I have no idea why the first and third elements are being put into that array. Can anyone show me what I'm doing wrong?

James P. Wright
  • 8,991
  • 23
  • 79
  • 142

2 Answers2

3

Based on your question and comment "Capture a-z until a period" I believe you should be rather using String.match like this:

arr = "test.thing.other".match(/[a-z]+(?=\.)/g);

gives:

["test", "thing"]
anubhava
  • 761,203
  • 64
  • 569
  • 643
  • You are correct. When "split" starting giving me results closer to what I wanted I started using that. I now see that I shouldn't. – James P. Wright Mar 11 '13 at 16:13
  • Good answer – but an explanation would be nice, in particular since your expression is using zero-width lookahead assertions which aren’t widely known. – Konrad Rudolph Mar 11 '13 at 16:18
  • @KonradRudolph: Thanks for the nice words. My answer was based on my understanding of OP's question and comments. OP mentioned that he wants to `Capture a-z until a period"` which in other words means he wants to capture `[a-z]+` if it is followed by a period. That requirements is easily met by using a positive lookahead `(?=\.)` as I used in my answer. – anubhava Mar 11 '13 at 16:24
2

The parentheses are the reason. Here’s what MDN says on string.split says:

If separator is a regular expression that contains capturing parentheses, then each time separator is matched the results (including any undefined results) of the capturing parentheses are spliced into the output array.

They also caution:

However, not all browsers support this capability.

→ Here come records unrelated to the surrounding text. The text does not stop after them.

lemma sum_unit_weights_families:
  assumes S: "finite S" and US: "U \<subseteq> S"
  shows "(\<Sum>t\<in>digit_vecs P S \<times> digit_vecs P U. unit_weights S (fst t) (snd t))
    = card (basis_sols S U) * (nat (P - 1) * nat (P - 1))
      + (card (diag_sols U - basis_sols S U) + card (single_sols U) + card (double_sols U)) * nat (P - 1)"
proof -
  have fU: "finite U" using finite_subset[OF US S] .
  let ?W = "\<lambda>t. unit_weights S (fst t) (snd t)"
  let ?Z = "basis_sols S U" and ?F = "diag_sols U - basis_sols S U"
    and ?S = "single_sols U" and ?D = "double_sols U"
  have fin: "finite ?Z" "finite (diag_sols U)" "finite ?S" "finite ?D"
    unfolding basis_sols_def diag_sols_def single_sols_def double_sols_def
    using S fU finite_zero_or_basis finite_digit_vecs P_ge_2 finite_generic_pairs
      finite_subset[of "{(i, j). i \<in> U \<and> j \<in> U \<and> i < j}" "U \<times> U"]
    by auto
  have "(\<Sum>t\<in>digit_vecs P S \<times> digit_vecs P U. ?W t) = (\<Sum>t\<in>?Z \<union> ?F \<union> ?S \<union> ?D. ?W t)"
  proof (rule sum.mono_neutral_right)
    show "finite (digit_vecs P S \<times> digit_vecs P U)" using finite_digit_vecs S fU P_ge_2 by simp
    show "?Z \<union> ?F \<union> ?S \<union> ?D \<subseteq> digit_vecs P S \<times> digit_vecs P U"
      using sols_subset_digit_vecs[OF US] by blast
    show "\<forall>t\<in>digit_vecs P S \<times> digit_vecs P U - (?Z \<union> ?F \<union> ?S \<union> ?D). ?W t = 0"
    proof
      fix t assume "t \<in> digit_vecs P S \<times> digit_vecs P U - (?Z \<union> ?F \<union> ?S \<union> ?D)"
      then show "?W t = 0" by (cases t) (auto simp: unit_weights_other[OF US])
    qed
  qed
  also have "\<dots> = sum ?W ?Z + sum ?W ?F + sum ?W ?S + sum ?W ?D"
  proof -
    have "sum ?W (?Z \<union> ?F \<union> ?S \<union> ?D) = sum ?W (?Z \<union> ?F \<union> ?S) + sum ?W ?D"
      by (rule sum.union_disjoint) (simp add: fin, simp add: fin, use sols_disjoint in blast)
    moreover have "sum ?W (?Z \<union> ?F \<union> ?S) = sum ?W (?Z \<union> ?F) + sum ?W ?S"
      by (rule sum.union_disjoint) (simp add: fin, simp add: fin, use sols_disjoint in blast)
    moreover have "sum ?W (?Z \<union> ?F) = sum ?W ?Z + sum ?W ?F"
      by (rule sum.union_disjoint) (simp_all add: fin)
    ultimately show ?thesis by simp
  qed
  also have "\<dots> = card ?Z * (nat (P - 1) * nat (P - 1)) + (card ?F + card ?S + card ?D) * nat (P - 1)"
  proof -
    have "sum ?W ?Z = card ?Z * (nat (P - 1) * nat (P - 1))"
      using unit_weights_basis_sol by (simp add: sum.cong[OF refl, of _ "\<lambda>_. nat (P - 1) * nat (P - 1)"])
    moreover have "sum ?W ?F = card ?F * nat (P - 1)"
      using unit_weights_diag_sol[OF US] by (simp add: sum.cong[OF refl, of _ "\<lambda>_. nat (P - 1)"])
    moreover have "sum ?W ?S = card ?S * nat (P - 1)"
      using unit_weights_single_sol[OF US] by (simp add: sum.cong[OF refl, of _ "\<lambda>_. nat (P - 1)"])
    moreover have "sum ?W ?D = card ?D * nat (P - 1)"
      using unit_weights_double_sol[OF US] by (simp add: sum.cong[OF refl, of _ "\<lambda>_. nat (P - 1)"])
    ultimately show ?thesis by (simp add: algebra_simps)
  qed
  finally show ?thesis .
qed

lemma sum_unit_weights:
  assumes S: "finite S" and US: "U \<subseteq> S"
  shows "int (\<Sum>t\<in>digit_vecs P S \<times> digit_vecs P U. unit_weights S (fst t) (snd t))
    = (P - 1)^2 * (int (card S) + 1) * (int (card U) + 1)
      + (P - 1) * (P ^ card U - (int (card U) + 1)
        + (int (card U) + int (card U choose 2)) * (P - 2) * (P - 3))"
proof -
  have fU: "finite U" using finite_subset[OF US S] .
  have fin: "finite (diag_sols U)" unfolding diag_sols_def using finite_digit_vecs fU P_ge_2 by simp
  have "card (diag_sols U - basis_sols S U) = card (diag_sols U) - card (diag_sols U \<inter> basis_sols S U)"
    by (rule card_Diff_subset_Int) (use fin in simp)
  moreover have "card (diag_sols U \<inter> basis_sols S U) \<le> card (diag_sols U)"
    by (rule card_mono[OF fin]) blast
  ultimately have "int (card (diag_sols U - basis_sols S U))
      = int (card (diag_sols U)) - int (card (diag_sols U \<inter> basis_sols S U))"
    by (simp add: of_nat_diff)
  also have "\<dots> = P ^ card U - (int (card U) + 1)"
    using card_diag_sols[OF fU] card_diag_basis_sols[OF fU US] P_ge_2 by simp
  finally have diag: "int (card (diag_sols U - basis_sols S U)) = P ^ card U - (int (card U) + 1)" .
  have basis: "int (card (basis_sols S U)) = (int (card S) + 1) * (int (card U) + 1)"
    using card_basis_sols[OF S fU] by (simp add: algebra_simps)
  have single: "int (card (single_sols U)) = int (card U) * ((P - 2) * (P - 3))"
    using card_single_sols[of U] card_generic_pairs by simp
  have double: "int (card (double_sols U)) = int (card U choose 2) * ((P - 2) * (P - 3))"
    using card_double_sols[OF fU] card_generic_pairs by simp
  have P1: "int (nat (P - 1)) = P - 1" using P_ge_2 by simp
  show ?thesis
    unfolding sum_unit_weights_families[OF assms] of_nat_add of_nat_mult basis single double diag P1
    by (simp add: algebra_simps power2_eq_square)
qed

definition solutions :: "nat set \<Rightarrow> nat set \<Rightarrow> int \<Rightarrow> int \<Rightarrow> ((nat \<Rightarrow> int) \<times> (nat \<Rightarrow> int)) set" where
  "solutions S U g d = {(y, z). y \<in> digit_vecs P S \<and> z \<in> digit_vecs P U \<and> idem_pair P g d S y z}"

lemma finite_solutions: "finite S \<Longrightarrow> finite U \<Longrightarrow> finite (solutions S U g d)"
  by (rule finite_subset[of _ "digit_vecs P S \<times> digit_vecs P U"])
    (use finite_digit_vecs P_ge_2 in \<open>auto simp: solutions_def\<close>)

lemma sum_card_unit_weight_solutions:
  assumes "finite S" "U \<subseteq> S"
  shows "int (\<Sum>gd\<in>{1..<P} \<times> {1..<P}. card (solutions S U (fst gd) (snd gd)))
    = (P - 1)^2 * (int (card S) + 1) * (int (card U) + 1)
      + (P - 1) * (P ^ card U - (int (card U) + 1)
        + (int (card U) + int (card U choose 2)) * (P - 2) * (P - 3))"
proof -
  let ?T = "digit_vecs P S \<times> digit_vecs P U"
  have "finite U" using finite_subset assms by blast
  then have "finite ?T" using finite_digit_vecs P_ge_2 assms by simp
  have "(\<Sum>gd\<in>{1..<P} \<times> {1..<P}. card (solutions S U (fst gd) (snd gd)))
      = (\<Sum>gd\<in>{1..<P} \<times> {1..<P}. card {t \<in> ?T. idem_pair P (fst gd) (snd gd) S (fst t) (snd t)})"
    unfolding solutions_def by (intro sum.cong refl arg_cong[where f = card]) auto
  also have "\<dots> = (\<Sum>t\<in>?T. card {gd \<in> {1..<P} \<times> {1..<P}. idem_pair P (fst gd) (snd gd) S (fst t) (snd t)})"
    by (rule sum_multicount_gen) (use \<open>finite ?T\<close> in auto)
  also have "\<dots> = (\<Sum>t\<in>?T. unit_weights S (fst t) (snd t))"
    unfolding unit_weights_def by (intro sum.cong refl arg_cong[where f = card]) auto
  finally show ?thesis using sum_unit_weights[OF assms] by simp
qed

lemma solutions_unit_zero:
  assumes "\<not> P dvd g"
  shows "solutions S U g 0 = zero_or_basis S \<times> digit_vecs P U"
proof -
  have "idem_pair P g 0 S y z \<longleftrightarrow> y \<in> zero_or_basis S" if "y \<in> digit_vecs P S" for y z
    unfolding idem_pair_def zero_or_basis_iff_idem[OF that] using assms P_dvd_mult_iff by auto
  then show ?thesis
    unfolding solutions_def using zero_or_basis_subset_digit_vecs[OF P_ge_2] by auto
qed
(* Let $m\in\mathbb{N}$ and $\beta\in(1,\mathcal{G}(m))$. There exists a constant $c(\beta)>0$, depending only on $\beta$ (and $m$), such that for every $x\in(0,\frac{m}{\beta-1})$, $\dim_H(\Sigma_{\beta,m}(x))\ge c(\beta)$.
   Context: $\mathcal{G}(m)=k+1$ if $m=2k$ and $\mathcal{G}(m)=\frac{k+1+\sqrt{k^2+6k+5}}{2}$ if $m=2k+1$. For $x\in[0,\frac{m}{\beta-1}]$, $\Sigma_{\beta,m}(x)=\{(\epsilon_i)_{i=1}^\infty\in\{0,\ldots,m\}^{\mathbb{N}}:\sum_{i\ge1}\epsilon_i\beta^{-i}=x\}$. The space $\{0,\ldots,m\}^{\mathbb{N}}$ carries the metric $d(x,y)=(m+1)^{-n(x,y)}$ for $x\ne y$, where $n(x,y)=\inf\{i:x_i\ne y_i\}$, and $d(x,x)=0$; Hausdorff dimension is taken with respect to $d$. *)

theory Defs
  imports "HOL-Analysis.Analysis"
begin

definition G :: "nat \<Rightarrow> real" where
  "G m = (if even m then real (m div 2) + 1
          else (let k = real (m div 2) in (k + 1 + sqrt (k^2 + 6*k + 5)) / 2))"

text \<open>Sequences (epsilon_i) for i >= 1 are represented 0-based: eps 0 is epsilon_1.\<close>
definition seq_space :: "nat \<Rightarrow> (nat \<Rightarrow> nat) set" where
  "seq_space m = {e. \<forall>i. e i \<le> m}"

text \<open>d(x,y) = (m+1)^(-n(x,y)), n(x,y) the first (1-based) index where x and y differ.\<close>
definition seq_dist :: "nat \<Rightarrow> (nat \<Rightarrow> nat) \<Rightarrow> (nat \<Rightarrow> nat) \<Rightarrow> real" where
  "seq_dist m x y = (if x = y then 0 else 1 / (real m + 1) ^ Suc (LEAST i. x i \<noteq> y i))"

definition seq_diam :: "nat \<Rightarrow> (nat \<Rightarrow> nat) set \<Rightarrow> real" where
  "seq_diam m U = (if U = {} then 0 else Sup {seq_dist m x y | x y. x \<in> U \<and> y \<in> U})"

definition hausdorff_pre :: "nat \<Rightarrow> real \<Rightarrow> real \<Rightarrow> (nat \<Rightarrow> nat) set \<Rightarrow> ennreal" where
  "hausdorff_pre m s \<delta> E =
     (INF U \<in> {U :: nat \<Rightarrow> (nat \<Rightarrow> nat) set.
                 (\<forall>i. U i \<subseteq> seq_space m \<and> seq_diam m (U i) \<le> \<delta>) \<and> E \<subseteq> (\<Union>i. U i)}.
        (\<Sum>i. ennreal (seq_diam m (U i) powr s)))"

definition hausdorff_measure :: "nat \<Rightarrow> real \<Rightarrow> (nat \<Rightarrow> nat) set \<Rightarrow> ennreal" where
  "hausdorff_measure m s E = (SUP \<delta> \<in> {0<..}. hausdorff_pre m s \<delta> E)"

definition hausdorff_dim :: "nat \<Rightarrow> (nat \<Rightarrow> nat) set \<Rightarrow> ereal" where
  "hausdorff_dim m E = Inf {ereal s | s. 0 \<le> s \<and> hausdorff_measure m s E = 0}"

definition Sigma_bm :: "real \<Rightarrow> nat \<Rightarrow> real \<Rightarrow> (nat \<Rightarrow> nat) set" where
  "Sigma_bm \<beta> m x = {e \<in> seq_space m. (\<lambda>i. real (e i) / \<beta> ^ Suc i) sums x}"

end

theory Submission
  imports Defs "HOL-Probability.Infinite_Product_Measure" "HOL-Probability.Probability_Mass_Function"
begin

text \<open>
  Let \<open>M = m / (\<beta> - 1)\<close>. For \<open>\<beta> < G m\<close> there is a margin \<open>\<epsilon> > 0\<close> and a switch
  region of remainders \<open>y\<close> for which two consecutive digits \<open>d, d + 1\<close> both keep the next
  remainder \<open>\<beta> y - digit\<close> inside \<open>(\<epsilon>, M - \<epsilon>)\<close>, and from every \<open>y \<in> [\<epsilon>, M - \<epsilon>]\<close> forced
  digit choices reach the switch region within a uniform number \<open>N\<close> of steps. Letting fair
  coins decide the digit at each visit of the switch region maps the Bernoulli measure onto
  \<open>Sigma_bm \<beta> m x\<close>, and the first \<open>n\<close> digits of an expansion determine at least
  \<open>(n - T) / (N + 1)\<close> coins. So a set of diameter about \<open>(m + 1)^-n\<close> has mass
  \<open>O(2 ^ (-n / (N + 1)))\<close>, and the mass distribution principle bounds the dimension below by
  \<open>ln 2 / ((N + 1) ln (m + 1))\<close>, independently of \<open>x\<close>.
\<close>

definition coin_measure :: "(nat \<Rightarrow> bool) measure" where
  "coin_measure = PiM UNIV (\<lambda>_. measure_pmf (bernoulli_pmf (1/2)))"
(* Let $L$ be a pentagonal linkage and let $q_1,q_2,q_4>0$ be fixed. Place charges $(q_1,q_2,t,q_4,s)$ at the vertices $A_1,\dots,A_5$, giving the effective Coulomb potential $$E=\frac{q_1q_4}{|A_1A_4|}+\frac{q_2q_4}{|A_2A_4|}+\frac{q_1t}{|A_1A_3|}+\frac{q_2s}{|A_2A_5|}+\frac{st}{|A_3A_5|}.$$ Then for each convex configuration $P\in M^C(L)$ there exists exactly one pair $(s,t)\in(\mathbb{R}_{>0})^2$ such that $P$ is a critical point of $E$ on $M(L)$.
   Context: A pentagonal linkage $L$ is given by side lengths $a_1,\dots,a_5>0$; $M(L)$ is the set of planar 5-gons $(A_1,\dots,A_5)$ with $|A_iA_{i+1}|=a_i$ (indices mod 5) modulo all isometries of $\mathbb{R}^2$. $M^C(L)$ is the set of strictly convex configurations (convex pentagon $A_1\dots A_5$ in this cyclic order, no angle equal to $\pi$); near such points $M(L)$ is a smooth surface, and a critical point means the differential of $E$ restricted to $M(L)$ vanishes there. *)

theory Defs
  imports "HOL-Analysis.Analysis"
begin

text \<open>A planar pentagon is a map A :: nat => complex; only the vertices
  A 0, ..., A 4 (standing for A_1, ..., A_5) matter.  Indices are mod 5.
  Side lengths a 0, ..., a 4 stand for a_1, ..., a_5.\<close>

definition in_config :: "(nat \<Rightarrow> real) \<Rightarrow> (nat \<Rightarrow> complex) \<Rightarrow> bool" where
  "in_config a A \<longleftrightarrow> (\<forall>i<5. cmod (A (Suc i mod 5) - A i) = a i)"

definition cross :: "complex \<Rightarrow> complex \<Rightarrow> real" where
  "cross u v = Im (cnj u * v)"

definition strictly_convex :: "(nat \<Rightarrow> complex) \<Rightarrow> bool" where
  "strictly_convex A \<longleftrightarrow>
     (\<forall>i<5. \<forall>j<5. j \<noteq> i \<and> j \<noteq> Suc i mod 5 \<longrightarrow>
         cross (A (Suc i mod 5) - A i) (A j - A i) > 0) \<or>
     (\<forall>i<5. \<forall>j<5. j \<noteq> i \<and> j \<noteq> Suc i mod 5 \<longrightarrow>
         cross (A (Suc i mod 5) - A i) (A j - A i) < 0)"

definition coulomb :: "real \<Rightarrow> real \<Rightarrow> real \<Rightarrow> real \<Rightarrow> real \<Rightarrow> (nat \<Rightarrow> complex) \<Rightarrow> real" where
  "coulomb q1 q2 t q4 s A =
     q1 * q4 / cmod (A 0 - A 3) + q2 * q4 / cmod (A 1 - A 3) + q1 * t / cmod (A 0 - A 2)
     + q2 * s / cmod (A 1 - A 4) + s * t / cmod (A 2 - A 4)"

text \<open>P is a critical point of f on the configuration space M(L): for every curve
  in the configuration space through P that is differentiable at 0, the derivative
  of f along the curve at 0 vanishes (i.e. df vanishes on the tangent space).\<close>
definition critical_on_config ::
  "(nat \<Rightarrow> real) \<Rightarrow> ((nat \<Rightarrow> complex) \<Rightarrow> real) \<Rightarrow> (nat \<Rightarrow> complex) \<Rightarrow> bool" where
  "critical_on_config a f P \<longleftrightarrow>
     (\<forall>(\<gamma> :: real \<Rightarrow> nat \<Rightarrow> complex) (v :: nat \<Rightarrow> complex).
        (\<forall>i<5. \<gamma> 0 i = P i) \<and>
        (\<forall>i<5. ((\<lambda>\<tau>. \<gamma> \<tau> i) has_vector_derivative v i) (at 0)) \<and>
        (\<forall>\<^sub>F \<tau> in nhds 0. in_config a (\<gamma> \<tau>))
        \<longrightarrow> ((\<lambda>\<tau>. f (\<gamma> \<tau>)) has_real_derivative 0) (at 0))"

end

theory Submission
  imports Defs
begin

So this result may be inconsistent. If you just want to split by the content of the expression, remove the parentheses:

>> 'test.thing.other'.split(/[a-z]+\./)
["", "", "other"]

Which may also not be what you want, but is the intuitively expected result given your expression.

If you want to split by dot then you need to provide exactly that in the regular expression: a dot.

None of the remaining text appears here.